With the current cost-sharing formula, based 100 percent on property valuation, a Bethel property owner pays approximately $1,350 a year in taxes on a home valued at $100,000. 

A Bethel resident, who wished to remain anonymous, gave their take on the potential formula change.

“A lot of voters feel that the funding change in Newry is only making the second and third homeowners have lower taxes and the residents of the other towns that own one home and live here year-round will feel the brunt of the cost-shifting,” the source said. “If the change is approved, Newry taxes will be substantially lower.”

But Newry Town Administrator Amy Bernard said that even though under the 90/10 split taxes would decrease $69 per year on a house valued at $100,000, taxpayers wouldn’t necessarily see that savings. Those funds would probably be allocated to something else, such as paying off the town’s bonds.

Another Bethel resident, who also wished to remain anonymous, said their concern is that if the formula change does go through, the tax increases will have an impact on the local economy, which may result in school budget cuts.


“If Newry withdraws it would be devastating, I think (the) cost-sharing (change) is the better alternative, but if this passes, Newry hasn’t made any indication they’re going to stop the process,” the source said.

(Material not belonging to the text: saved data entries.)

lemma Kop_test_kernel:
  assumes [measurable]: "s \<in> borel_measurable \<nu>" and s_le_1: "\<And>\<omega>. cmod (s \<omega>) \<le> 1"
    and int: "integrable \<nu> (\<lambda>\<omega>. test_kernel v s v \<omega> * b \<omega>)"
  shows "Kop \<nu> (test_kernel v s) b v
    = (1 / (2 * m v)) *\<^sub>R integral\<^sup>L \<nu> (\<lambda>\<omega>. s \<omega> * (indicator (BS v) \<omega> *\<^sub>R (b \<omega> - ab v)))"
proof -
  let ?K = "test_kernel v s v" and ?z = "\<lambda>\<omega>. indicator (BS v) \<omega> *\<^sub>R (b \<omega> - ab v)"
  have A1: "integrable \<nu> ?K" "integral\<^sup>L \<nu> ?K = 0"
    using test_kernel_A1[OF assms(1,2)] unfolding A1_def by blast+
  note [measurable] = borel_measurable_kernel[OF test_kernel_A1[OF assms(1,2)], of v]
  have int_sz: "integrable \<nu> (\<lambda>\<omega>. s \<omega> * ?z \<omega>)"
    using s_le_1
    by (intro Bochner_Integration.integrable_bound[OF integrable_norm[OF integrable_bsector_diff[of v "ab v"]]])
      (auto simp: norm_mult mult_left_le_one_le split: split_indicator)
  have "Kop \<nu> (test_kernel v s) b v = integral\<^sup>L \<nu> (\<lambda>\<omega>. ?K \<omega> * b \<omega> - ab v * ?K \<omega>)"
    using int A1 unfolding Kop_def by simp
  also have "(\<lambda>\<omega>. ?K \<omega> * b \<omega> - ab v * ?K \<omega>)
      = (\<lambda>\<omega>. (1 / (2 * m v)) *\<^sub>R (s \<omega> * ?z \<omega> - avg \<nu> (BS v) s * ?z \<omega>))"
    by (auto simp: test_kernel_def algebra_simps split: split_indicator)
  also have "integral\<^sup>L \<nu> \<dots> = (1 / (2 * m v)) *\<^sub>R
      (integral\<^sup>L \<nu> (\<lambda>\<omega>. s \<omega> * ?z \<omega>) - avg \<nu> (BS v) s * integral\<^sup>L \<nu> ?z)"
    by (simp only: Bochner_Integration.integral_scaleR_right integral_mult_right_zero
        Bochner_Integration.integral_diff[OF int_sz integrable_mult_right[OF integrable_bsector_diff]])
  also have "integral\<^sup>L \<nu> ?z = 0" by (simp add: integral_bsector_diff)
  finally show ?thesis by simp
qed

text \<open>
  Conversely, testing the estimate against the kernel built from the phase of b - b_v
  recovers the mean oscillation of b on BS v, up to the factor 2 of the kernel.\<close>

lemma mean_oscillation_le:
  fixes f :: "real \<Rightarrow> real \<Rightarrow> real"
  assumes f0: "\<forall>c \<alpha>. c \<ge> 0 \<longrightarrow> \<alpha> > 0 \<longrightarrow> f c \<alpha> \<ge> 0"
    and fmono: "\<forall>\<alpha>>0. mono_on {0..} (\<lambda>c. f c \<alpha>)"
    and fK: "\<forall>K \<alpha>. in_class_O o' p \<nu> K \<longrightarrow> A3 o' p \<nu> K \<alpha> \<longrightarrow>
          (\<forall>x. integrable \<nu> (\<lambda>\<omega>. K x \<omega> * b \<omega>)) \<and>
          (\<forall>v. (\<Sum>\<^sub>\<infinity>x\<in>sector p v. ennreal (cmod (Kop \<nu> K b x) * m x))
                 \<le> ennreal (f (enn2real (C_K o' p \<nu> K)) \<alpha> * m v))"
  shows "(1 / measure \<nu> (BS v)) * (LINT \<omega>:BS v|\<nu>. cmod (b \<omega> - ab v)) \<le> 2 * f 1 1"
proof -
  define s where "s \<omega> = cnj (sgn (b \<omega> - ab v))" for \<omega>
  have "(\<lambda>\<omega>. sgn (b \<omega> - ab v)) \<in> borel_measurable \<nu>" by measurable
  then have [measurable]: "s \<in> borel_measurable \<nu>"
    unfolding s_def by (rule borel_measurable_continuous_on[where f = cnj, rotated]) (intro continuous_intros)
  have s_le_1: "cmod (s \<omega>) \<le> 1" for \<omega> unfolding s_def by (simp add: norm_sgn)
  let ?K = "test_kernel v s"
  have K: "in_class_O o' p \<nu> ?K" "A3 o' p \<nu> ?K 1"
    using test_kernel_in_class_O test_kernel_A3 s_le_1 by auto
  define I where "I = (LINT \<omega>:BS v|\<nu>. cmod (b \<omega> - ab v))"
  have "(\<lambda>\<omega>. s \<omega> * (indicator (BS v) \<omega> *\<^sub>R (b \<omega> - ab v)))
      = (\<lambda>\<omega>. complex_of_real (indicator (BS v) \<omega> *\<^sub>R cmod (b \<omega> - ab v)))"
    by (auto simp: s_def cnj_sgn_mult split: split_indicator)
  then have "integral\<^sup>L \<nu> (\<lambda>\<omega>. s \<omega> * (indicator (BS v) \<omega> *\<^sub>R (b \<omega> - ab v))) = complex_of_real I"
    unfolding I_def set_lebesgue_integral_def by (simp only: integral_complex_of_real)
  then have "cmod (Kop \<nu> ?K b v) = I / (2 * m v)"
    using Kop_test_kernel[of s v] s_le_1 fK K m_nu_pos[of v] by (auto simp: I_def set_lebesgue_integral_def)
  moreover have "ennreal (cmod (Kop \<nu> ?K b v) * m v) \<le> ennreal (f (enn2real (C_K o' p \<nu> ?K)) 1 * m v)"
  proof -
    have "v \<in> sector p v" unfolding mem_sector_iff by (rule exI[of _ 0]) simp
    then have "ennreal (cmod (Kop \<nu> ?K b v) * m v)
        \<le> (\<Sum>\<^sub>\<infinity>x\<in>sector p v. ennreal (cmod (Kop \<nu> ?K b x) * m x))"
      using ennreal_sum_le_infsum[of "{v}"] by simp
    then show ?thesis using fK K by (meson order_trans)
  qed
  moreover have "f (enn2real (C_K o' p \<nu> ?K)) 1 \<le> f 1 1"
    using fmono enn2real_mono[OF C_K_test_kernel_le_1[OF _ s_le_1]] unfolding mono_on_def by auto
  ultimately have "I / (2 * m v) * m v \<le> f 1 1 * m v"
    using f0 m_nu_pos[of v] by (auto simp: ennreal_le_iff intro: order_trans mult_right_mono)
  then show ?thesis using m_nu_pos[of v] unfolding I_def m_nu_def by (simp add: field_simps)
qed

end

locale bmo_function = loc_integrable +
  assumes bmo: "in_BMO o' p \<nu> b"
begin

definition bmo_bound :: real where
  "bmo_bound = (SOME C. \<forall>x. (1 / measure \<nu> (BS x)) * (LINT \<omega>:BS x|\<nu>. cmod (b \<omega> - ab x)) \<le> C)"

lemma bmo_bound: "(LINT \<omega>:BS x|\<nu>. cmod (b \<omega> - ab x)) \<le> bmo_bound * m x"
proof -
  have "(1 / m x) * (LINT \<omega>:BS x|\<nu>. cmod (b \<omega> - ab x)) \<le> bmo_bound"
    using someI_ex[OF bmo[unfolded in_BMO_def, THEN conjunct2]]
    unfolding bmo_bound_def[symmetric] m_nu_def by blast
  then show ?thesis using m_nu_pos[of x] by (simp add: field_simps)
qed

lemma bmo_bound_nonneg: "bmo_bound \<ge> 0"
proof -
  have "0 \<le> (LINT \<omega>:BS o'|\<nu>. cmod (b \<omega> - ab o'))"
    unfolding set_lebesgue_integral_def by (intro integral_nonneg_AE) auto
  then show ?thesis
    using bmo_bound[of o'] m_nu_pos[of o'] by (meson order.trans zero_le_mult_iff not_le)
qed

lemma sector_dev_avg_le: "sector_dev x (ab x) \<le> ennreal (bmo_bound * m x)"
  unfolding sector_dev_avg using bmo_bound by (rule ennreal_leI)

lemma avg_parent_diff: "cmod (ab x - ab (p x)) \<le> dbl_ratio * bmo_bound"
proof -
  have "ennreal (cmod (ab x - ab (p x)) * m x) \<le> sector_dev x (ab (p x))" by (rule sector_dev_ge)
  also have "\<dots> \<le> sector_dev (p x) (ab (p x))" using bsector_subset_parent by (rule sector_dev_mono)
  also have "\<dots> \<le> ennreal (bmo_bound * m (p x))" by (rule sector_dev_avg_le)
  also have "\<dots> \<le> ennreal (dbl_ratio * bmo_bound * m x)"
    using mult_left_mono[OF m_nu_parent_le[of x] bmo_bound_nonneg]
    by (intro ennreal_leI) (simp add: mult_ac)
  finally have "ennreal (cmod (ab x - ab (p x)) * m x) \<le> ennreal (dbl_ratio * bmo_bound * m x)" .
  moreover have "0 \<le> dbl_ratio * bmo_bound * m x"
    using bmo_bound_nonneg dbl_ratio_gt_1 m_nu_pos[of x] by simp
  ultimately have "cmod (ab x - ab (p x)) * m x \<le> dbl_ratio * bmo_bound * m x"
    using ennreal_le_iff by blast
  then show ?thesis using m_nu_pos[of x] by simp
qed

lemma avg_funpow_diff: "cmod (ab ((p ^^ k) v) - ab v) \<le> real k * dbl_ratio * bmo_bound"
proof (induction k)
  case (Suc k)
  have "cmod (ab ((p ^^ Suc k) v) - ab ((p ^^ k) v)) \<le> dbl_ratio * bmo_bound"
    using avg_parent_diff[of "(p ^^ k) v"] by (simp add: norm_minus_commute)
  from norm_diff_triangle_le[OF this Suc] show ?case by (simp add: algebra_simps)
qed simp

Newry resident Jim Sysko’s said at the public hearing on Oct. 11 that even if the formula change is approved, Newry will continue its withdrawal efforts.

However, Bonnie Largess, also on the Withdrawal Committee, said Sysko’s opinion is not shared by all.

“Even though Mr. Sysko is entitled to his opinion, that’s his opinion,” Largess said.  “He’s not speaking for everyone on the committee.”

“Should the Newry Withdrawal Committee still want to continue, they’re going to have to go back to the voters and ask for more money, and they may not get it,” Bernard said.